If you’ve ever found yourself overwhelmed by your to-do list at work, you’re not alone.
And while you quietly know you’re capable of doing the things on the list, you might wonder whether you should be doing some of them—especially those things that aren’t making the biggest difference for your company or for your career.
If that’s you, then it’s time to ask for more support at work.
Why We Don’t Ask for Support at Work–And Why We Need To
Does the thought of asking for more support bring up fears of being seen as incompetent, needy, not a “team player”?
Scratch that. It’s an old school mentality.
Today, identifying lower value work activities and getting them handled elsewhere is an essential skill in increasing your value and contribution to your company without increasing your time and stress.
A great business right-sizes the work to match the talent. If that’s not happening for you in your workplace, do it yourself and ask for help.
Here are three steps to take today. Use them & share them with those you love who need more support at work.
1. Know Your Value
What’s it really costing your company for you to do things that someone else could do? Do the math.
For example, if you’re being paid $70,000 a year to serve three major customers, what’s your total work worth to the company in their revenue, repeat business, referrals? (Hint: over the course of a year, it’s likely a lot more than $70k.)
If one of those customers went away, how many dollars would go away, too?
Or, if you had more time to do the great work you do for one more customer, how much more money could the company gain?
Before you request assistance, it’s good to know the dollars and sense behind why helping you be more productive will be good business.
Not sure how your role helps the company succeed? Ask your manager or peers a question like, “From your point of view, how does my role here contribute to the results our company cares about most?”
But note: If you or your colleagues still can’t see a connection, that’s a big ole flashing danger sign. Jobs with no clear value are the first to be at risk for change or elimination. Take action now to redefine, expand, or change your role.
2. Know It’s Not About You
The mistake many people make in asking for assistance is that their top reason is “Because I need it.”
As true as it may be, it’s significantly more productive to focus on how the company will benefit, not how you will. For example:
- Using resources smarter: “I’ve done the math, and it ends up costing us $100/hour for me to do this, but if we shift it to our analyst Bob, we end up getting it done for about $45/hour without sacrificing quality.”
- Ability to get it done faster: “Based on my current commitments, I could do this after we deliver the Johnson contract in six weeks. If that’s not fast enough, we’ll need additional support. How would you like me to proceed?”
- Connection to current goals: “I know the most important thing in our department today is to increase revenue on product ABC. The time I’m spending on X is out of sync with that. My recommendation is that I keep focusing on ABC, don’t you agree? Let’s talk about alternatives for X..”
The only time it works to make the conversation about you is if you’ve been identified as a high potential leader in the organization’s eyes (not just yours or your boss’). You can then focus on the firm’s goal of retaining and growing you for the future.
For example, you can say, “I appreciate how much you value my potential here, and in order to invest more time in becoming the leader the firm needs me to be and to continue to create the results I do, we need to find another source to do X.” If you’ve got the leverage of being a hi-po, use it.
3. Know There Are Alternatives
One is to propose that your company pay someone on contract or project basis. This is done all the time with consultants and experts, so why not do it with an administrative assistant, clerk, or specialist?
The world of virtual assistants and contract resources from sites like Upwork and Fiverr have exploded within the entrepreneurial world. Yet they’re rarely leveraged within corporate settings.

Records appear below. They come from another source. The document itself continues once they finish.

lemma finite_simple_graphs: "finite {E. simple_graph_on n E}"
proof (rule finite_imageD)
  let ?f = "\<lambda>E. {(x, y). E x y}"
  show "finite (?f ` {E. simple_graph_on n E})"
    by (rule finite_subset[of _ "Pow ({0..<n} \<times> {0..<n})"]) (auto simp: simple_graph_on_def)
  show "inj_on ?f {E. simple_graph_on n E}"
    by (auto simp: inj_on_def fun_eq_iff set_eq_iff)
qed

lemma norm_tree_root_le_M_T:
  assumes "is_tree n E" "poly (ind_poly n E) z = 0"
  shows "cmod z \<le> M_T n"
proof -
  let ?A = "{cmod z | z E. is_tree n E \<and> poly (ind_poly n E) z = 0}"
  have "?A \<subseteq> cmod ` (\<Union>E\<in>{E. simple_graph_on n E}. {z. poly (ind_poly n E) z = 0})"
    unfolding is_tree_def by blast
  moreover have "finite (\<Union>E\<in>{E. simple_graph_on n E}. {z. poly (ind_poly n E) z = 0})"
    using finite_simple_graphs poly_roots_finite[OF ind_poly_nonzero] by blast
  ultimately have "finite ?A" using finite_subset by blast
  moreover have "cmod z \<in> ?A" using assms by blast
  ultimately show ?thesis unfolding M_T_def by (rule Max_ge)
qed

lemma is_cycle_max_vertex:
  assumes "is_cycle E vs"
  obtains u v w where "E u v" "E v w" "u < v" "w < v" "u \<noteq> w"
proof -
  define L where "L = length vs"
  have L: "3 \<le> L" and distinct: "distinct vs"
    and edge: "\<And>i. i < L \<Longrightarrow> E (vs ! i) (vs ! ((i + 1) mod L))"
    using assms unfolding is_cycle_def L_def by auto
  have "Max (set vs) \<in> set vs" using L unfolding L_def by (intro Max_in) auto
  then obtain i where i: "i < L" "vs ! i = Max (set vs)" by (auto simp: in_set_conv_nth L_def)
  have below_max: "j < L \<Longrightarrow> j \<noteq> i \<Longrightarrow> vs ! j < vs ! i" for j
    using i distinct nth_eq_iff_index_eq[OF distinct, of j i]
    by (metis L_def Max_ge finite_set le_neq_implies_less nth_mem)
  define p where "p = (if i = 0 then L - 1 else i - 1)"
  define j where "j = (i + 1) mod L"
  have p: "p < L" "p \<noteq> i" "(p + 1) mod L = i" and j: "j < L" "j \<noteq> i" and "p \<noteq> j"
    using L i(1) unfolding p_def j_def by (auto simp: mod_Suc)
  show ?thesis
  proof (rule that)
    show "E (vs ! p) (vs ! i)" using edge[OF p(1)] p(3) by simp
    show "E (vs ! i) (vs ! j)" using edge[OF i(1)] unfolding j_def .
    show "vs ! p < vs ! i" "vs ! j < vs ! i" using below_max p j by auto
    show "vs ! p \<noteq> vs ! j"
      using nth_eq_iff_index_eq[OF distinct] p(1) j(1) \<open>p \<noteq> j\<close> unfolding L_def by blast
  qed
qed

definition parent_graph :: "(nat \<Rightarrow> nat) \<Rightarrow> nat \<Rightarrow> nat \<Rightarrow> bool" where
  "parent_graph par x y \<longleftrightarrow> (0 < y \<and> x = par y) \<or> (0 < x \<and> y = par x)"

locale parent_tree =
  fixes par :: "nat \<Rightarrow> nat"
  assumes parent_less: "0 < y \<Longrightarrow> par y < y"
begin

abbreviation tree :: "nat \<Rightarrow> nat \<Rightarrow> nat \<Rightarrow> bool" where
  "tree n \<equiv> restrict_graph n (parent_graph par)"

lemma tree_sym: "tree n x y \<Longrightarrow> tree n y x"
  unfolding restrict_graph_def parent_graph_def by auto

lemma tree_smaller_neighbour: "tree n v w \<Longrightarrow> w < v \<Longrightarrow> w = par v"
  using parent_less[of w] unfolding restrict_graph_def parent_graph_def by auto

lemma rtranclp_tree_root: "x < n \<Longrightarrow> (tree n)\<^sup>*\<^sup>* x 0"
proof (induction x rule: less_induct)
  case (less x)
  show ?case
  proof (cases "x = 0")
    case False
    then have "par x < x" by (simp add: parent_less)
    then have "(tree n)\<^sup>*\<^sup>* (par x) 0" using less by simp
    moreover have "tree n x (par x)"
      using False less.prems \<open>par x < x\<close> by (auto simp: restrict_graph_def parent_graph_def)
    ultimately show ?thesis by (rule converse_rtranclp_into_rtranclp[rotated])
  qed simp
qed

You can even hire someone for a very small project (such as entering business card information collected at a trade show into your customer spreadsheet or adding graphics to a presentation, etc.)
Depending on the work, you may also be able to pay for such services on a corporate credit card, avoiding the complexity of interviewing or working with sourcing agencies.
And Don’t Forget the Work at Home
Finally, if you find nothing can budge on the workfront (and you’re not interested in a change of job), consider increasing your support on the homefront. What other responsibilities take your energy and time that you could hire, trade services for, or delegate?
There are plenty of alternatives today to get support for homekeeping, shopping and meal prep, yard work and other life maintenance we all have on our schedules. Yes, they cost money, but what is your sanity worth? What bigger things would you do with the extra time and energy?
Get started now. Write down five activities that drain you the most. Pick one to start.
Ask your Facebook friends who they know who does that thing. Search Yelp, Angie’s List, or other local boards. Think how it will feel to have someone else do that energy draining work. Then choose someone and get started.
The Bottom Line: Ask, Don’t Suffer
If you’re feeling overwhelmed and need to ask for more support at work, don’t forget that it’s up to you to take control to change it. A better you always makes a better contribution to your colleagues, your company, and your community.